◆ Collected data
Segment Open

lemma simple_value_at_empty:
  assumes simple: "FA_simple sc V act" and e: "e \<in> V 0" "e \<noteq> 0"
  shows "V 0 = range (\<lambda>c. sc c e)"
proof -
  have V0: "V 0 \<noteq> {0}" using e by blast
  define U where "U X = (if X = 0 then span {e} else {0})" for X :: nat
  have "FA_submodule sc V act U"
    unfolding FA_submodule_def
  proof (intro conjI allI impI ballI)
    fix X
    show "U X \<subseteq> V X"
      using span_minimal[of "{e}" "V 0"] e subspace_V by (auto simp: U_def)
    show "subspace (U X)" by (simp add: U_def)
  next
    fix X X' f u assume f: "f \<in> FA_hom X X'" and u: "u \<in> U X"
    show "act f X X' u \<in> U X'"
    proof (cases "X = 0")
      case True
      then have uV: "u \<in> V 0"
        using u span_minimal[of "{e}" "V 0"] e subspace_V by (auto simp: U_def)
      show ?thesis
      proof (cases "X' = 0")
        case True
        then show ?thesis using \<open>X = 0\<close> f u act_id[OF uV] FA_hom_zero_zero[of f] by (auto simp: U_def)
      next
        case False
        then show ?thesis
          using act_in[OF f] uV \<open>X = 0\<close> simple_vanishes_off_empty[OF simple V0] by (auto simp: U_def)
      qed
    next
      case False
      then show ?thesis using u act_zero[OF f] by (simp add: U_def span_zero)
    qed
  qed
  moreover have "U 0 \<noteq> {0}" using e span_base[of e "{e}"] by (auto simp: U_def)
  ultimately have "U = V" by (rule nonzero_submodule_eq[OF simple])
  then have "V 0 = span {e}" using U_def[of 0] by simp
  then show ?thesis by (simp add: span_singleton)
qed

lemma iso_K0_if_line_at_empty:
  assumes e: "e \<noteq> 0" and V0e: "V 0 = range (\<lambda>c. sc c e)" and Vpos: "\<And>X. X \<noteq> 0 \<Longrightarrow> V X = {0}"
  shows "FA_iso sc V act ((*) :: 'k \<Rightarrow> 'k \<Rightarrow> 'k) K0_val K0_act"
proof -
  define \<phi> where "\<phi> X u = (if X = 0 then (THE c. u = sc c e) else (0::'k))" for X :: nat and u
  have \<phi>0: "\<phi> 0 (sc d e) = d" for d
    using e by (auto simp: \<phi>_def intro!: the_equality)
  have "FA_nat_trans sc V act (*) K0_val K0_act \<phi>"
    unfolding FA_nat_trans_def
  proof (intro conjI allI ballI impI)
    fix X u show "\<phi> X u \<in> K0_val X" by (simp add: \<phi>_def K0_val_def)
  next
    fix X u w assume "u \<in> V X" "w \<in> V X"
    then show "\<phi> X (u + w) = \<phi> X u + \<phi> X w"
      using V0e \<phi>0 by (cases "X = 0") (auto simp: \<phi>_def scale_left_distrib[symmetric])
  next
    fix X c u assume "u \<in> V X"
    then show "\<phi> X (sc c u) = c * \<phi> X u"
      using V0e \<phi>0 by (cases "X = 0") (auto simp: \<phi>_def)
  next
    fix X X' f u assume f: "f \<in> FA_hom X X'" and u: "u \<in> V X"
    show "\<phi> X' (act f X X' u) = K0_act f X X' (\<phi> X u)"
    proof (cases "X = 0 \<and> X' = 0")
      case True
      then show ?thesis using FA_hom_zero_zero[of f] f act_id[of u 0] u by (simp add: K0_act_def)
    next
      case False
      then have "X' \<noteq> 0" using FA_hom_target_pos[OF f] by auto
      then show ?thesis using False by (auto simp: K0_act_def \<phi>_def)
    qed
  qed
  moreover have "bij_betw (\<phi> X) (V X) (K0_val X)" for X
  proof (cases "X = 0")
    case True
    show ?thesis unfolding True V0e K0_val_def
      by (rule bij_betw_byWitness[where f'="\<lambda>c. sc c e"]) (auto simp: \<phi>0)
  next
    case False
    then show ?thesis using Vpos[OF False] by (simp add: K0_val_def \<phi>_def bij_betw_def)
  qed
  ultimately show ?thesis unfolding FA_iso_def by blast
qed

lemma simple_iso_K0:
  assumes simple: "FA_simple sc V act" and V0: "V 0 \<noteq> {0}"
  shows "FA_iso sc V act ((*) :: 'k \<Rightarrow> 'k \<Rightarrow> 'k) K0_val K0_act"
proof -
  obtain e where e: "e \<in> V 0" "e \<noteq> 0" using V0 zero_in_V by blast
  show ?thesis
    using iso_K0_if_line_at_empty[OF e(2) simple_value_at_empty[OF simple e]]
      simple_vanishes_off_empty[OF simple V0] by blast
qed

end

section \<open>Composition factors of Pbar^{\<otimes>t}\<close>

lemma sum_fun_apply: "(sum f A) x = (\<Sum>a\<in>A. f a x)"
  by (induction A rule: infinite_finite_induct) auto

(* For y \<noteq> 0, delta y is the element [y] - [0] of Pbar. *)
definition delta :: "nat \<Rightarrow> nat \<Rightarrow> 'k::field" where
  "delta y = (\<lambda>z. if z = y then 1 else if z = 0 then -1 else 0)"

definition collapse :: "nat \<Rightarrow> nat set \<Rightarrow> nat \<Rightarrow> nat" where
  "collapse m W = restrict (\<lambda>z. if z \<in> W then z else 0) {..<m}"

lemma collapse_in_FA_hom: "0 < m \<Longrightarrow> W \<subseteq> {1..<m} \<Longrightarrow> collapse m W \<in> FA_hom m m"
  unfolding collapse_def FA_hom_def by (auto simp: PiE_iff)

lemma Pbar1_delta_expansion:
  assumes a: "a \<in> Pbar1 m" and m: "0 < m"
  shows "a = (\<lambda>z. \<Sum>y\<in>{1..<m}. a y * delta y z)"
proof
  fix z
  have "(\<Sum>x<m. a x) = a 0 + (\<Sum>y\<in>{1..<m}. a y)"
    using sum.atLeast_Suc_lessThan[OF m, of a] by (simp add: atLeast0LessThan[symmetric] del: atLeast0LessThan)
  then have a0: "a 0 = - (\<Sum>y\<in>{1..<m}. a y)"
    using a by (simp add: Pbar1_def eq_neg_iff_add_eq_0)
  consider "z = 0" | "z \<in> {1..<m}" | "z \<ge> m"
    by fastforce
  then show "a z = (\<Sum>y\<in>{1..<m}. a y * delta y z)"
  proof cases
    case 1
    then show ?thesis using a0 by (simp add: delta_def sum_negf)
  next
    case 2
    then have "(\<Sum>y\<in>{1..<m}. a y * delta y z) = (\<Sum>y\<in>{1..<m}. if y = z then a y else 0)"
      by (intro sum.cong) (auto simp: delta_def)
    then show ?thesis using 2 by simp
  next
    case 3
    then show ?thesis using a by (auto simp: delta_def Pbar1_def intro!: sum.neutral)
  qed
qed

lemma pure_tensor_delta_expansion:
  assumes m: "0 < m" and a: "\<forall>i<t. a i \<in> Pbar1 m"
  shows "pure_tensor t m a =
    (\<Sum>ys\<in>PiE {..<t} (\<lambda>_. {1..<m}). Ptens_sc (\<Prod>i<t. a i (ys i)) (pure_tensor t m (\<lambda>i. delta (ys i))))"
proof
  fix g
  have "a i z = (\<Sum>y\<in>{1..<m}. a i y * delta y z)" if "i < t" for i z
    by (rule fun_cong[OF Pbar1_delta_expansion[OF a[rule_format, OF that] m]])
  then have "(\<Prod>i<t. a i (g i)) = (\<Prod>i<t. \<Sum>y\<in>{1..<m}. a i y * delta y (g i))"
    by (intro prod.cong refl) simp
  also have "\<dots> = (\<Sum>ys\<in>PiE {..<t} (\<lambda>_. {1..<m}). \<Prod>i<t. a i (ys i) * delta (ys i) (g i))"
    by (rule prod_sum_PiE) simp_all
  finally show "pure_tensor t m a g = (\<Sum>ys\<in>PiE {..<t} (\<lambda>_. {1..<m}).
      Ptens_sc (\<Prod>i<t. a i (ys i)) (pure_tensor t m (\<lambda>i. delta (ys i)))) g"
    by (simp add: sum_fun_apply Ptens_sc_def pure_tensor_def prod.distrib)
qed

Segment Closed
Segment Open

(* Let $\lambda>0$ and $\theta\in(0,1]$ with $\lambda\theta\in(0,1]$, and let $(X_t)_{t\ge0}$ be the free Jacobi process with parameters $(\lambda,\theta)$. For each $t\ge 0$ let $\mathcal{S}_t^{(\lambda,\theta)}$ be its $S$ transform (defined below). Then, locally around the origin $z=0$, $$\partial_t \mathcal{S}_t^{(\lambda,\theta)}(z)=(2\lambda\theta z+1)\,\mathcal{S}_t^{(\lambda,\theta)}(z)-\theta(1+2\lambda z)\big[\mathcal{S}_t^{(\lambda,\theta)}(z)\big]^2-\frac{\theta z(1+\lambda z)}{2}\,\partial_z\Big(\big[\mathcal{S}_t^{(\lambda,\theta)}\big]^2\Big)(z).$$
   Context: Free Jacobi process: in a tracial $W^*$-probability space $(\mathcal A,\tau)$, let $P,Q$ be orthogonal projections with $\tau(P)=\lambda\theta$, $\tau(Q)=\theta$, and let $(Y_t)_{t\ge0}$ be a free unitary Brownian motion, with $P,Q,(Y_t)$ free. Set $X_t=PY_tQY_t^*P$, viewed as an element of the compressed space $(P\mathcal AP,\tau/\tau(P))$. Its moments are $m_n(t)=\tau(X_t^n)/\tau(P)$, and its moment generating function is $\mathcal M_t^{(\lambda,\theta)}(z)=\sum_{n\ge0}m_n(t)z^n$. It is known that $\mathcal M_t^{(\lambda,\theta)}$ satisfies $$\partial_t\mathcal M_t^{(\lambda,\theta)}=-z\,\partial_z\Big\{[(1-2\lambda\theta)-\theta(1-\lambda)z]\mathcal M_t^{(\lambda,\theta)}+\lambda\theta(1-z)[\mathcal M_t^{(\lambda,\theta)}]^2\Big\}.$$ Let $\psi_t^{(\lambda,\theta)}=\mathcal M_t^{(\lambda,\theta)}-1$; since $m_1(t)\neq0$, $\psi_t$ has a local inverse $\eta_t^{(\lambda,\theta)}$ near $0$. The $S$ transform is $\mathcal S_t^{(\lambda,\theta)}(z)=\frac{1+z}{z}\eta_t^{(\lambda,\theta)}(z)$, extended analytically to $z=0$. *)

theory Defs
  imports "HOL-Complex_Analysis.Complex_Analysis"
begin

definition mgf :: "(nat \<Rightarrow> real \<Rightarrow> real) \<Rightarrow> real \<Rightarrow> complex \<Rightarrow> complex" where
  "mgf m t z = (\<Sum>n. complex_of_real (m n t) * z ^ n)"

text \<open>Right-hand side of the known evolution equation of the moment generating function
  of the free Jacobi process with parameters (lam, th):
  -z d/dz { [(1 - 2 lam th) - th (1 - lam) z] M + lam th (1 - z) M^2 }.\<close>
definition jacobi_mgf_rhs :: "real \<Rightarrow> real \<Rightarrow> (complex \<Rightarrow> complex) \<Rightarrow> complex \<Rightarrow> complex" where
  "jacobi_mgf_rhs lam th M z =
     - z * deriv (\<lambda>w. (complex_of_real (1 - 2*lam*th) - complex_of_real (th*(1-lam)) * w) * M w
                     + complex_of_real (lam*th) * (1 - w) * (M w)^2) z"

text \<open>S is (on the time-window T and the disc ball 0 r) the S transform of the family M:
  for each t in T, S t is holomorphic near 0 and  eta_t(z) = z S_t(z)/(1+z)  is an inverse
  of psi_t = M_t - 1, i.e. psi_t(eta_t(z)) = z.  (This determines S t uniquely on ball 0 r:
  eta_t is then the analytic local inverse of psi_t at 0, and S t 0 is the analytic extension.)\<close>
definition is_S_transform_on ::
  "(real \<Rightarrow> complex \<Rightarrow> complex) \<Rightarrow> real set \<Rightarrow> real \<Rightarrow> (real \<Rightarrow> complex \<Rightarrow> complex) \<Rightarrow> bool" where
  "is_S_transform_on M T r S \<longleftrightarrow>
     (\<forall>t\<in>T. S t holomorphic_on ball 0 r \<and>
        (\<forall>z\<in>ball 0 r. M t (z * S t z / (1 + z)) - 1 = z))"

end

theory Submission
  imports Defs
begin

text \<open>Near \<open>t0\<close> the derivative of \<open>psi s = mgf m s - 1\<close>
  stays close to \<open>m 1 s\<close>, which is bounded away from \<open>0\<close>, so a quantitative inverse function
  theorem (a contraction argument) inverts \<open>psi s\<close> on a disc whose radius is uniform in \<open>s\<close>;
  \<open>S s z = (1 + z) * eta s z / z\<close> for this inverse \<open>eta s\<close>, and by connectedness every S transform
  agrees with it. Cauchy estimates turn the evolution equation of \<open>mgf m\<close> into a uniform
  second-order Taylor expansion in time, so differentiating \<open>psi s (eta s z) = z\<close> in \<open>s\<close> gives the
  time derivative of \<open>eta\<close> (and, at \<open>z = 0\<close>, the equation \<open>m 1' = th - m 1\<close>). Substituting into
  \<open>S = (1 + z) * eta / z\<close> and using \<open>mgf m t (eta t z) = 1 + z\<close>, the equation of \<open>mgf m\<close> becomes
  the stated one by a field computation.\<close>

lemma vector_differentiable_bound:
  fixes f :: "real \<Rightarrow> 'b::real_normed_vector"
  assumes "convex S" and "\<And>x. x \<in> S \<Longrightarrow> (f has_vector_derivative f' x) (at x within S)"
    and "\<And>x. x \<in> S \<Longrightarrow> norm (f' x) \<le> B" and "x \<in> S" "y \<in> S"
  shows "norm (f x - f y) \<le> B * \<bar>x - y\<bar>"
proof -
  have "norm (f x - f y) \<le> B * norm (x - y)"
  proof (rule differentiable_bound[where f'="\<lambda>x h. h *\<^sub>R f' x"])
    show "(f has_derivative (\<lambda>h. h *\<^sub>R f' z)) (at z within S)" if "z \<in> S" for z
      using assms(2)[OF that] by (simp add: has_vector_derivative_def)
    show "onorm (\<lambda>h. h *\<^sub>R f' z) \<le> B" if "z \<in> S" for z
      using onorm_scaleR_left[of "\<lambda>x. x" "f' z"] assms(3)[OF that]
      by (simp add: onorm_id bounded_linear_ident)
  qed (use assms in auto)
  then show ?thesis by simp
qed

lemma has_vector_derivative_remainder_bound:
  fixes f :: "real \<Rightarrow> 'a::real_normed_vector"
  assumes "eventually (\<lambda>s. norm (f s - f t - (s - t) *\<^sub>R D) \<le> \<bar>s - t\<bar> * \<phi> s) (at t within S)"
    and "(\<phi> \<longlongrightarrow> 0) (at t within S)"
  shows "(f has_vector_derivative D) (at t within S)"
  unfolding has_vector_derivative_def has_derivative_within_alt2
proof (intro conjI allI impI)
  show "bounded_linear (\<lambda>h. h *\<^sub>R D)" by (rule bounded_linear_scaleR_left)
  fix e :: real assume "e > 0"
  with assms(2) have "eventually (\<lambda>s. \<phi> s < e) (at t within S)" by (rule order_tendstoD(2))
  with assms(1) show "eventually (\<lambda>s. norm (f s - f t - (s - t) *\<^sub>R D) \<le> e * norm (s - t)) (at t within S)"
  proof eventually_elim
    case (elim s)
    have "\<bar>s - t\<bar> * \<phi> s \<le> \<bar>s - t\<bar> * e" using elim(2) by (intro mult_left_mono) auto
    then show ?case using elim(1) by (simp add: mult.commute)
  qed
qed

Segment Closed

◆ ASSIGNED TASK
Each line holding the string "symmetric" counts once. Work out the number of such lines in the data and give only that.

◆ RESPONSE AREA
2